Часть третья. Дерюшетта
Книга первая. Ночь и Луна
I. Портовый колокол
Теперь Сен-Сансон почти город; сорок лет назад он был почти деревней.
Когда наступала весна и вечера становились короче, люди не засиживались допоздна и отходили ко сну, чуть стемнеет.
Сен-Сансон был старинным приходом, сохранившим обычай давать сигнал "тушения огня", и там рано задували свечи.
Жители ложились спать и вставали вместе с солнцем. Старые нормандские деревни переняли порядки курятников.

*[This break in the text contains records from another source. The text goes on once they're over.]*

(* There is an absolute constant $C$ such that the following holds. For $i\in\{1,2,3,4\}$ and $j\in\{1,2,3\}$ write $i\subset j$ if $i=j$, or if $i=4$ and $j=3$; write $i\not\subset j$ otherwise. Let $I_1,\dots,I_4\subset\mathbb{R}$ be intervals, let $\tau,\alpha,\beta>0$, and let $h_1,h_2,h_3:\mathbb{R}\to\mathbb{C}$ be measurable functions satisfying $$\int_{I_i}|h_j|\le\alpha\quad\text{whenever } i\subset j,$$ and, whenever $i\not\subset j$, $h_j$ is $C^2$ on $I_i+[-\tau,\tau]$ with $|h_j(x)|=1$, $|h_j'(x)|\le\beta$, $|h_j''(x)|\le\beta^2$ for all $x\in I_i+[-\tau,\tau]$ (Minkowski set addition). Let $t_1,t_2$ be independent random variables uniformly distributed on $[0,\tau]$, let $t_3=t_4=0$, and set $f(x)=f_{t_1,t_2}(x):=h_1(x-t_1)h_2(x-t_2)h_3(x)$. Then for every real $m\ne0$, $$\left|\mathbb{E}\Big(\prod_{i=1}^{4}\int_{I_i+t_i}f(x_i)e^{-imx_i}\,dx_i\Big)\right|\le C\frac{\alpha^4}{m^2}\Big(\max\big(\beta,\tfrac1\tau\big)\Big)^2.$$ *)

theory Defs
  imports "HOL-Probability.Probability"
begin

definition idx_sub :: "nat \<Rightarrow> nat \<Rightarrow> bool" where
  "idx_sub i j \<longleftrightarrow> i = j \<or> (i = 4 \<and> j = 3)"

definition thicken :: "real set \<Rightarrow> real \<Rightarrow> real set" where
  "thicken I \<tau> = {x + s | x s. x \<in> I \<and> s \<in> {-\<tau>..\<tau>}}"

definition C2_unimod_on :: "(real \<Rightarrow> complex) \<Rightarrow> real set \<Rightarrow> real \<Rightarrow> bool" where
  "C2_unimod_on h S \<beta> \<longleftrightarrow>
     (\<exists>h' h''. continuous_on S h'' \<and>
       (\<forall>x\<in>S. (h has_vector_derivative h' x) (at x within S)
             \<and> (h' has_vector_derivative h'' x) (at x within S)
             \<and> norm (h x) = 1 \<and> norm (h' x) \<le> \<beta> \<and> norm (h'' x) \<le> \<beta>\<^sup>2))"

definition tshift :: "real \<Rightarrow> real \<Rightarrow> nat \<Rightarrow> real" where
  "tshift t1 t2 i = (if i = 1 then t1 else if i = 2 then t2 else 0)"

definition fprod :: "(nat \<Rightarrow> real \<Rightarrow> complex) \<Rightarrow> real \<Rightarrow> real \<Rightarrow> real \<Rightarrow> complex" where
  "fprod h t1 t2 x = h 1 (x - t1) * h 2 (x - t2) * h 3 x"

Добавим, что жители Сен-Сапсона, не считая нескольких богатых горожан, в большинстве случаев - каменоломы и плотники. В порту Сен-Сансона чинят суда; здесь целый день ломают камень или обтесывают бревна; тут стучит молоток там - топор. Беспрерывно обрабатывается дубовый лес и гранит. К вечеру люди падают от усталости и засыпают, как убитые. Крепок сон после тяжелой работы.
Как-то вечером, в начале мая, месс Летьери, поглядев на месяц, плывший между деревьями, и прислушавшись к шагам Дерюшетты, которая гуляла одна по саду, объятому вечерней прохладой, вернулся в свою комнату, выходившую окнами на порт, и лег спать. Дус и Грае уже уснули. Все в доме спало кроме Дерюшетты. Все спало и в Сеп-Сансоне. Двери и ставни были всюду заперты. На улице ни одного прохожего. Редкие огоньки, напоминавшие мигающие глаза, готовые закрыться, кое-где окрашивали в красный цвет оконца под крышами, возвещая о том, что и слуги укладываются спать. Уже давно пробило девять часов на древней романской колокольне, увитой плющом и делившей с церковью Сен-Брелад, что на Джерсее, честь носить одну и ту же примечательную дату из четырех единиц 1111, означающую тысяча сто одиннадцатый год.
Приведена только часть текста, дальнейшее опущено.